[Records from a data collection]
====

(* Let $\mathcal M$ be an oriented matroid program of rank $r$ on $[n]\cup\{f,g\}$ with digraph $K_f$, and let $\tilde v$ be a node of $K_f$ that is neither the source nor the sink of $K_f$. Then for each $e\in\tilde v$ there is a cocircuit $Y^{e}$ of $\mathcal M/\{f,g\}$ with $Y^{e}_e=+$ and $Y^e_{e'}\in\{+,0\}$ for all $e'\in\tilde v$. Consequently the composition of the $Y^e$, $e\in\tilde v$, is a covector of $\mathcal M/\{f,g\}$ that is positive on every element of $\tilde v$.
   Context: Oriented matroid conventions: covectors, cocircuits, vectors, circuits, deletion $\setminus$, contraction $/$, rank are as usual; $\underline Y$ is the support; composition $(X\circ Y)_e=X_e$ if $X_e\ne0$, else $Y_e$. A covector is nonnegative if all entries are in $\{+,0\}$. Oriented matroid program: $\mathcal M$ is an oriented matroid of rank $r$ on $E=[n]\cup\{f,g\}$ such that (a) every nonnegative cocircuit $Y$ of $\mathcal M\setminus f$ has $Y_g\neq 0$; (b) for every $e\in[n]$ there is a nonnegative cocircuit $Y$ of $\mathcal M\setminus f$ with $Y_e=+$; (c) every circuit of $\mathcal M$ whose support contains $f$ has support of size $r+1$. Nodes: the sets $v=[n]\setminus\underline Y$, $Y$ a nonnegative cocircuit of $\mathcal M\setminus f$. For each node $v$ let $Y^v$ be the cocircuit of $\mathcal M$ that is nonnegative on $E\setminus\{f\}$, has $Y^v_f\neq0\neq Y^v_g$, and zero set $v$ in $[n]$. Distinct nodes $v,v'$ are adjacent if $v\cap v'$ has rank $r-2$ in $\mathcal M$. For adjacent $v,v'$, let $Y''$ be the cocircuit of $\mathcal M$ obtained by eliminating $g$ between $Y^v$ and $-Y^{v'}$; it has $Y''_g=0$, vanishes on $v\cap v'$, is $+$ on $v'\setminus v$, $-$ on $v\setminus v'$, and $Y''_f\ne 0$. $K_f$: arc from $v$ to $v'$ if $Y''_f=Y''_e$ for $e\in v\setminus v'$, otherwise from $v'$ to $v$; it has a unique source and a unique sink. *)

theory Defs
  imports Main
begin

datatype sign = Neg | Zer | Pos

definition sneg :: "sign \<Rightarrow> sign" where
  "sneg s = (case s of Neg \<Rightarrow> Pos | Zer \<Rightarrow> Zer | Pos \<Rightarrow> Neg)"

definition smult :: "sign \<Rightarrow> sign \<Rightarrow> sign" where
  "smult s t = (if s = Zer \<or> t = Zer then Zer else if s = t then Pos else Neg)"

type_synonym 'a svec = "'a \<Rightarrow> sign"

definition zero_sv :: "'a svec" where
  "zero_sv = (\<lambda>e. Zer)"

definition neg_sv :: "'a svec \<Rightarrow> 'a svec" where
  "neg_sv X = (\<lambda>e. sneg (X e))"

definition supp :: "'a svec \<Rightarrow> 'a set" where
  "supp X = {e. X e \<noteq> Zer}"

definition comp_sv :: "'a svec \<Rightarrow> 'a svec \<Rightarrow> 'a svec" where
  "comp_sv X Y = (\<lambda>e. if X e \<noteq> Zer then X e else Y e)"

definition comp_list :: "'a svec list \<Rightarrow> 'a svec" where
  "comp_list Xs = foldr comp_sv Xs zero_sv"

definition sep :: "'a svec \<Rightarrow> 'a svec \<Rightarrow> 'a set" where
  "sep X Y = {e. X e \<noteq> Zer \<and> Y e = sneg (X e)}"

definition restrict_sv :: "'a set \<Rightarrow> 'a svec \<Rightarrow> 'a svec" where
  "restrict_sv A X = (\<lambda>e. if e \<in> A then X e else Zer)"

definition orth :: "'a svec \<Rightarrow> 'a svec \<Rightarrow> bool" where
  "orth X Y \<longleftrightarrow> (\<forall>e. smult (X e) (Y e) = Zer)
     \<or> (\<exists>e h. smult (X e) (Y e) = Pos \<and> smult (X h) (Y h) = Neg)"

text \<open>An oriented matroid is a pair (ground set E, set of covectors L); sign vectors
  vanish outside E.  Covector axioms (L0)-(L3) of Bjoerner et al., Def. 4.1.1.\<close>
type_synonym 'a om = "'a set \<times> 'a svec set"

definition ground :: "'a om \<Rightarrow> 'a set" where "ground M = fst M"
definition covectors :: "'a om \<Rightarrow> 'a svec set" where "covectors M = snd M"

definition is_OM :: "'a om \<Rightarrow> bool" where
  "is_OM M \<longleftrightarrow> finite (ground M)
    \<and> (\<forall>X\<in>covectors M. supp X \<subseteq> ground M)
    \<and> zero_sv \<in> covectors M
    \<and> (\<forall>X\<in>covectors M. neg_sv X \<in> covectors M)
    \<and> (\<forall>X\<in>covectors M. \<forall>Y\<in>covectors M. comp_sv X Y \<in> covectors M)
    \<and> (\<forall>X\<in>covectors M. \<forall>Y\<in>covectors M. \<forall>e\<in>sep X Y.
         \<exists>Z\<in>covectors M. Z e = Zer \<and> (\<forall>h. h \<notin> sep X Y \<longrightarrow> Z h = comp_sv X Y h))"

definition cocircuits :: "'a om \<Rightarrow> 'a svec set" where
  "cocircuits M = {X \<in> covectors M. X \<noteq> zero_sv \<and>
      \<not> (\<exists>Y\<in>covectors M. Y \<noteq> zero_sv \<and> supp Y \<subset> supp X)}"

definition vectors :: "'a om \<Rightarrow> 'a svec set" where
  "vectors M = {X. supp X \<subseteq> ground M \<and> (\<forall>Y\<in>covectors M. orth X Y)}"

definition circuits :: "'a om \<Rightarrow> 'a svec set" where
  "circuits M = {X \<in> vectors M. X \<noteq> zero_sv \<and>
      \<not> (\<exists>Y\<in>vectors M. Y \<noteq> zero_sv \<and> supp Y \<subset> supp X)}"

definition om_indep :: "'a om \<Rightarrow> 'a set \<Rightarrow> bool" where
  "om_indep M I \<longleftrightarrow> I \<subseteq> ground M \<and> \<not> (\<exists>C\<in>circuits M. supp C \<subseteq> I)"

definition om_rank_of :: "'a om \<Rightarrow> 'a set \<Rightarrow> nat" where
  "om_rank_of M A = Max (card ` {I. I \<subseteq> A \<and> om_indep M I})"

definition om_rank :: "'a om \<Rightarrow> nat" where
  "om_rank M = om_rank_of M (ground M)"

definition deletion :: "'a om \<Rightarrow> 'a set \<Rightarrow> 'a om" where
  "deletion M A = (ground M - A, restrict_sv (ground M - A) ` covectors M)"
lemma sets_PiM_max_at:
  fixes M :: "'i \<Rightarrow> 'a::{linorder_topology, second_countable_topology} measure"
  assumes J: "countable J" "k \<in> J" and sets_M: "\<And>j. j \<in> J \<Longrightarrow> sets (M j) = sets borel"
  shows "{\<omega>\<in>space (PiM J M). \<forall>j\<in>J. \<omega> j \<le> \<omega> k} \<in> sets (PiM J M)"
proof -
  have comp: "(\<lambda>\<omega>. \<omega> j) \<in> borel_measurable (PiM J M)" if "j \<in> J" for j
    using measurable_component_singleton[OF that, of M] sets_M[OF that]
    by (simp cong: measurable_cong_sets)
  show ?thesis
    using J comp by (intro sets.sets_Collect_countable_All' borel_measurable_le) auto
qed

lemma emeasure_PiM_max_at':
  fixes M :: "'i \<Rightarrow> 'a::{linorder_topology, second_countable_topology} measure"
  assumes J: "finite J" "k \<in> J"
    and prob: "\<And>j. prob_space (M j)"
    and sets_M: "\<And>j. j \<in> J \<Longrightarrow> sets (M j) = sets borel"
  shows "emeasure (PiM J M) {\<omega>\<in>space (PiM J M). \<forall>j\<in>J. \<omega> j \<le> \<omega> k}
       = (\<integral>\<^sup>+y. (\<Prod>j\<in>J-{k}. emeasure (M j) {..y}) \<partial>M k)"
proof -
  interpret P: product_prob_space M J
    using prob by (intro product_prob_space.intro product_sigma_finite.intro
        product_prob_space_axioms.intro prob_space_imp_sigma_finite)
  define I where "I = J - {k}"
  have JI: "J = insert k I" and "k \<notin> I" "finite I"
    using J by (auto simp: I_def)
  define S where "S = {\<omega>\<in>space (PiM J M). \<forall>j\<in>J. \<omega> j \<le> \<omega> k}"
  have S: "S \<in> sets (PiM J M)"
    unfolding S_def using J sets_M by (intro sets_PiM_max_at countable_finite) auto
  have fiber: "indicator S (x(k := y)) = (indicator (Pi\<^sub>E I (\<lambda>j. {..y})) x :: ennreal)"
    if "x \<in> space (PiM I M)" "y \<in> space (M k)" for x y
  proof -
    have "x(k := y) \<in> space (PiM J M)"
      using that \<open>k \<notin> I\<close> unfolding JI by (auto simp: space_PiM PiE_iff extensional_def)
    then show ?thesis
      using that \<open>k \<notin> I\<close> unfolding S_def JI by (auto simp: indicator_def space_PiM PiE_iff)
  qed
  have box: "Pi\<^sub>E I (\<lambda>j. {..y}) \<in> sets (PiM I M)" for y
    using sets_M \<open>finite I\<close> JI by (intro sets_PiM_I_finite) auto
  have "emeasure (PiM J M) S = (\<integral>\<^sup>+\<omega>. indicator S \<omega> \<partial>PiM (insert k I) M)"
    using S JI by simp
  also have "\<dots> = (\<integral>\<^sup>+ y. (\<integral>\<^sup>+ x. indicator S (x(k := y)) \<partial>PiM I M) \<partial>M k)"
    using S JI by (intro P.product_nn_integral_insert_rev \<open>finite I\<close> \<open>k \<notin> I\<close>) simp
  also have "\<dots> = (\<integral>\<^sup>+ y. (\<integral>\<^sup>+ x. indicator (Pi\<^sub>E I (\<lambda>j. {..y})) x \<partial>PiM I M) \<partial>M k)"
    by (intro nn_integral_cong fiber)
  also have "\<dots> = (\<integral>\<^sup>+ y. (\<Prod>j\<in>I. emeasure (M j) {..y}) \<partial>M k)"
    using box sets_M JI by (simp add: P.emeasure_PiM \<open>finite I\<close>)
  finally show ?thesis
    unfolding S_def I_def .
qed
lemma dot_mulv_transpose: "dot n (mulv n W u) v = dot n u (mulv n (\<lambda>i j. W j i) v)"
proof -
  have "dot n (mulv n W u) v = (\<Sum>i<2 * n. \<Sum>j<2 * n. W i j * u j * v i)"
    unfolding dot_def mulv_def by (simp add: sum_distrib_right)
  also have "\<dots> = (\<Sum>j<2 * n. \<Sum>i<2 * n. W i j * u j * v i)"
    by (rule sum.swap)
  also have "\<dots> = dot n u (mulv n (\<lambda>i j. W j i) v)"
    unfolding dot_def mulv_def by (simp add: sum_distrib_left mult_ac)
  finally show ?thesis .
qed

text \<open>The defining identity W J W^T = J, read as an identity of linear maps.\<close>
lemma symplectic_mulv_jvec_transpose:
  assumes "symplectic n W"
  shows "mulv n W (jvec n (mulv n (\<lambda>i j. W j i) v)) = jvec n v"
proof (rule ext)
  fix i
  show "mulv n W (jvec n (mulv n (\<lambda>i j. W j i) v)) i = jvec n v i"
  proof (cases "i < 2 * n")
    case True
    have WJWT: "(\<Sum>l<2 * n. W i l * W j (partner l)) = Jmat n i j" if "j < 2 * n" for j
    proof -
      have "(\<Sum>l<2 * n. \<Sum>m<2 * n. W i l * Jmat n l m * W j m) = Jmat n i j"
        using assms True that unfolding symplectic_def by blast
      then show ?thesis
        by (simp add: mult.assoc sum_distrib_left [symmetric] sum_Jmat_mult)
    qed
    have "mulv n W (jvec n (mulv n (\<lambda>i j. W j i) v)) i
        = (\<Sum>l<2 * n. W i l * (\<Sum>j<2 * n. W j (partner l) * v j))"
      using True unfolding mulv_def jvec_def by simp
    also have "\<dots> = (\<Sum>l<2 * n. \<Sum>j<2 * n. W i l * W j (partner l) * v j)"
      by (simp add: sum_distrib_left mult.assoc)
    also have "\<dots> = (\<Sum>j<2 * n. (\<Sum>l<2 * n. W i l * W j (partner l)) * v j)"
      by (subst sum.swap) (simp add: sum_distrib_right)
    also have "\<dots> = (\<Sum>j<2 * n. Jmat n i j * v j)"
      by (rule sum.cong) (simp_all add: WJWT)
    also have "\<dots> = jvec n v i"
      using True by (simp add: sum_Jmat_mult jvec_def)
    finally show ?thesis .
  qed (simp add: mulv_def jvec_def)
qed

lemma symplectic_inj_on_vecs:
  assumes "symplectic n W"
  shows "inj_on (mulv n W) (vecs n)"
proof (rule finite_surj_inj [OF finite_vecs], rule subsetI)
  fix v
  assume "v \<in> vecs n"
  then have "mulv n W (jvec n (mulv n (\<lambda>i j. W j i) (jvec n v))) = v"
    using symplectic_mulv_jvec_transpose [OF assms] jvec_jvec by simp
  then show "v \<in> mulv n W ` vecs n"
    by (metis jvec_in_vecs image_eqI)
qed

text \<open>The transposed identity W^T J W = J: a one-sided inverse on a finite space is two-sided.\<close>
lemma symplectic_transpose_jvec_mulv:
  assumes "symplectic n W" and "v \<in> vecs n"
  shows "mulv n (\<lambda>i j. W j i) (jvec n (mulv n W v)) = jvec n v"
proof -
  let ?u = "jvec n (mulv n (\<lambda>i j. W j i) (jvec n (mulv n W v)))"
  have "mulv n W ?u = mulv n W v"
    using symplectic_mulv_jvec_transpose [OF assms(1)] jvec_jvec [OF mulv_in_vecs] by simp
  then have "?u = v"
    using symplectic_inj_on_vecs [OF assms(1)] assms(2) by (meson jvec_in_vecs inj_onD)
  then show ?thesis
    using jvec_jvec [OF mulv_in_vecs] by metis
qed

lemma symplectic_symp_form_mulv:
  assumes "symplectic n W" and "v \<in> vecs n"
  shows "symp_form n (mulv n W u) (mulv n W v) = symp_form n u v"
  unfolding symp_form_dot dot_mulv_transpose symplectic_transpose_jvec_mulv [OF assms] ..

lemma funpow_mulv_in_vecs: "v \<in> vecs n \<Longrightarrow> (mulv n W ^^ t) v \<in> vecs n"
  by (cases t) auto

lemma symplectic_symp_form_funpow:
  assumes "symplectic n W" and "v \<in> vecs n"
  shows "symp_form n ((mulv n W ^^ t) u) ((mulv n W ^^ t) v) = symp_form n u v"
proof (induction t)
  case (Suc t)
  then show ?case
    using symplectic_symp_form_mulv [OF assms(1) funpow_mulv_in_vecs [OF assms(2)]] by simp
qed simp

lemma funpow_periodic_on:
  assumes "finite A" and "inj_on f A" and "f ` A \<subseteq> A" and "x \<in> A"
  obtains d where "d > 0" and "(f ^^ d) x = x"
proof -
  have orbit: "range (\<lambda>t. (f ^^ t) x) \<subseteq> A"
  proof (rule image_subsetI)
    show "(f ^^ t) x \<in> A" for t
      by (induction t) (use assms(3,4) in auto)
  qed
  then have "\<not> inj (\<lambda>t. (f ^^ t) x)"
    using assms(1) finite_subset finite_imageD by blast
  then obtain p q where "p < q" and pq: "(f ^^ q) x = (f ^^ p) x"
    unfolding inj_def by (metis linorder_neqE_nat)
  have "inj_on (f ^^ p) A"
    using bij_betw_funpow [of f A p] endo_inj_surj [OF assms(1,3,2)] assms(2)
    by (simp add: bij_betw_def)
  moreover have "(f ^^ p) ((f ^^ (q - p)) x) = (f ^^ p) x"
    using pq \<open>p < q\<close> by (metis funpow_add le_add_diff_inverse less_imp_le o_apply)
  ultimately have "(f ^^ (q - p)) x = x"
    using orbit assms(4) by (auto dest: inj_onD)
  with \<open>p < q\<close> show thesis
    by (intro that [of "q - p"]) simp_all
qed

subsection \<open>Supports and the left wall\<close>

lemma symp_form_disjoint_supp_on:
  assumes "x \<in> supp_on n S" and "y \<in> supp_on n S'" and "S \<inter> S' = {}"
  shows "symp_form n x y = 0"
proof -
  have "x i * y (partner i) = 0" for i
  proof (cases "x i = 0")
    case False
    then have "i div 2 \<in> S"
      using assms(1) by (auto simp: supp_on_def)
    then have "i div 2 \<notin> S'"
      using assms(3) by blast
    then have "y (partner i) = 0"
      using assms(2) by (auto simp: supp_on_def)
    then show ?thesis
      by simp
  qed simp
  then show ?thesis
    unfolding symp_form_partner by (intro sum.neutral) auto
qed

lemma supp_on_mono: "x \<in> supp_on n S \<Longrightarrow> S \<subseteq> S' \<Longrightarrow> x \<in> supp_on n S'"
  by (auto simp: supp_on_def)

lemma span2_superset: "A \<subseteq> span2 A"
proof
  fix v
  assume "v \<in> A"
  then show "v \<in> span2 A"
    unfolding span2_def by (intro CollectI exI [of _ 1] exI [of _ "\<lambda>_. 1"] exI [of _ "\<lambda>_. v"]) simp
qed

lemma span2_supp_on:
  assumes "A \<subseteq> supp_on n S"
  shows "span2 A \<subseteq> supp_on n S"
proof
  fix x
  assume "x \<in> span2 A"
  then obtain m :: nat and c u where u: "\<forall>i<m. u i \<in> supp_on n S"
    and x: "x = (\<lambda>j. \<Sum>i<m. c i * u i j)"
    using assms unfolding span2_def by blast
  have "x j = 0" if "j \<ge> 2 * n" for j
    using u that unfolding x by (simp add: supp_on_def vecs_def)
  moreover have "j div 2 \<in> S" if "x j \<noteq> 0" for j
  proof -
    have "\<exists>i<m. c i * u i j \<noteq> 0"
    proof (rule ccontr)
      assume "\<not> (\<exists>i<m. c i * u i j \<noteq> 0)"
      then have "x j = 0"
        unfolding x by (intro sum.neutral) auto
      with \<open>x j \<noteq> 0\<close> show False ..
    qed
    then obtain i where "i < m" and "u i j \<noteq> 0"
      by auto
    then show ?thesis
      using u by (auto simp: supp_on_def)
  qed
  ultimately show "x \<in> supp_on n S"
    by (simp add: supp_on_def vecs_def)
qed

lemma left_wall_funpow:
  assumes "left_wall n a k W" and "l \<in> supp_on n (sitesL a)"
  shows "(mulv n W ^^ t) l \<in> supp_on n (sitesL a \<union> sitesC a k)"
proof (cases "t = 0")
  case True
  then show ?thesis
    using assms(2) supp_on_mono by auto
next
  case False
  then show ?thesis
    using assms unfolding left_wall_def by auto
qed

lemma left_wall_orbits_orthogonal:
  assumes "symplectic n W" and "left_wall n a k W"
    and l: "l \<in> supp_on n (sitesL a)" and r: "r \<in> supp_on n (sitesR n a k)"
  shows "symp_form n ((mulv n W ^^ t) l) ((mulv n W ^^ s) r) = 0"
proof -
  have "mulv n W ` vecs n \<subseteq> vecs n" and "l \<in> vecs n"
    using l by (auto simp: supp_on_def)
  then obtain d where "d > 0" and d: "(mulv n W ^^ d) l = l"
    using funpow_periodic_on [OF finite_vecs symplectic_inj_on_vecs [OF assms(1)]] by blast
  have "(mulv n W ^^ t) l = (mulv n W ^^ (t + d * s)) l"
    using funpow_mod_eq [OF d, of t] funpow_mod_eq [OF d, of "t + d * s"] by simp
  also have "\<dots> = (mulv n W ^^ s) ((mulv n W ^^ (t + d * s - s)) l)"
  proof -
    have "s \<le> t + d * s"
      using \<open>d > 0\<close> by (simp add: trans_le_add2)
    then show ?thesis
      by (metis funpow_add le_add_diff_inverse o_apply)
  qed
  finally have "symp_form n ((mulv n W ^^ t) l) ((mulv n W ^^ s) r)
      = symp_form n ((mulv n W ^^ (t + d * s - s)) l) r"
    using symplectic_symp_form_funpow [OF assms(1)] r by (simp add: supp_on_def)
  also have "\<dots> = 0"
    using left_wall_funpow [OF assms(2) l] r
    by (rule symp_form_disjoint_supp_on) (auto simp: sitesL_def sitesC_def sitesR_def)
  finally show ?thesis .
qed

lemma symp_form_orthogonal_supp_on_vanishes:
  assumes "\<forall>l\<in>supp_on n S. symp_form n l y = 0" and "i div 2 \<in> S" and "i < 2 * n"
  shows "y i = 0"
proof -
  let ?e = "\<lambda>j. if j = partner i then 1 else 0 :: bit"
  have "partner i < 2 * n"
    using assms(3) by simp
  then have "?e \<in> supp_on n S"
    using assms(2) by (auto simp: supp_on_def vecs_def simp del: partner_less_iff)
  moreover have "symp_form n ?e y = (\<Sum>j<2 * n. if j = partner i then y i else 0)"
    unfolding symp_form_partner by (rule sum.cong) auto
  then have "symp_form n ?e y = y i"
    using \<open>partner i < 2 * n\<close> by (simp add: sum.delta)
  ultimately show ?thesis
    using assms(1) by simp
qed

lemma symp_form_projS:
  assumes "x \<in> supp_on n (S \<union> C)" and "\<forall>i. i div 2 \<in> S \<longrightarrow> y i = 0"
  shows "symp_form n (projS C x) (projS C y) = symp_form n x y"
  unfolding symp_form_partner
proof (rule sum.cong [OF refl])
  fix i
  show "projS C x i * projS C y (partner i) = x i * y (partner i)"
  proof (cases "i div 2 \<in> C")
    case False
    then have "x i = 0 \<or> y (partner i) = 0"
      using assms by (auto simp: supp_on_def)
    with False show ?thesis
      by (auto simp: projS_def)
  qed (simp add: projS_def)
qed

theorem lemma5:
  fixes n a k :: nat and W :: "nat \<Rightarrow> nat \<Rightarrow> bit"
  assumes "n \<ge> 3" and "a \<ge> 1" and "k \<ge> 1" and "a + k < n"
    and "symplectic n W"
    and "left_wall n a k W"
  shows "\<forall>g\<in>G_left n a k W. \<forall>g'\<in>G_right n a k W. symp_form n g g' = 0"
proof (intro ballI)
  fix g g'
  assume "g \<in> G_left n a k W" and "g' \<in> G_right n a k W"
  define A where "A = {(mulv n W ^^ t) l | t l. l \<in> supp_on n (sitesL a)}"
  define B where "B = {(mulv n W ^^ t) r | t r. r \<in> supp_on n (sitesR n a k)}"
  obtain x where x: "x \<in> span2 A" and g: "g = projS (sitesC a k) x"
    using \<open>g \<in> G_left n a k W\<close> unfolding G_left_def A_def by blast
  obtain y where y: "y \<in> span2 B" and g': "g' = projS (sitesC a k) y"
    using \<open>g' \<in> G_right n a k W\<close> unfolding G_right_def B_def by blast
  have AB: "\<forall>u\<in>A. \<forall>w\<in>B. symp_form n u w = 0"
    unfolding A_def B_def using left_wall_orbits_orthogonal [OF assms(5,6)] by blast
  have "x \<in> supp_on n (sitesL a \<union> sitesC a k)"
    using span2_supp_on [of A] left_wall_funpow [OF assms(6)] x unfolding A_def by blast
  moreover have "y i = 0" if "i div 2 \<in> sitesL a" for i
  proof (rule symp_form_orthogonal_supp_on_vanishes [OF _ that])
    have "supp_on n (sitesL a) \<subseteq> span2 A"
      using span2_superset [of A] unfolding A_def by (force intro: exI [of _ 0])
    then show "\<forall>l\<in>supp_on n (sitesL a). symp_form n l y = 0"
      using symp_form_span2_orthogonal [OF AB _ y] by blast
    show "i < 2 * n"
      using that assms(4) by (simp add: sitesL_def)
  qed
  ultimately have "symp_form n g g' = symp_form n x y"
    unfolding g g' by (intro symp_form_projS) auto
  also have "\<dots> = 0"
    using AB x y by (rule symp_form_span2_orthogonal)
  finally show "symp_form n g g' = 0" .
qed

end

====

* ACTIVITY *
What is the number of lines in the data holding the word "blast"? Reply with that number only.

* ANSWER SPACE *
10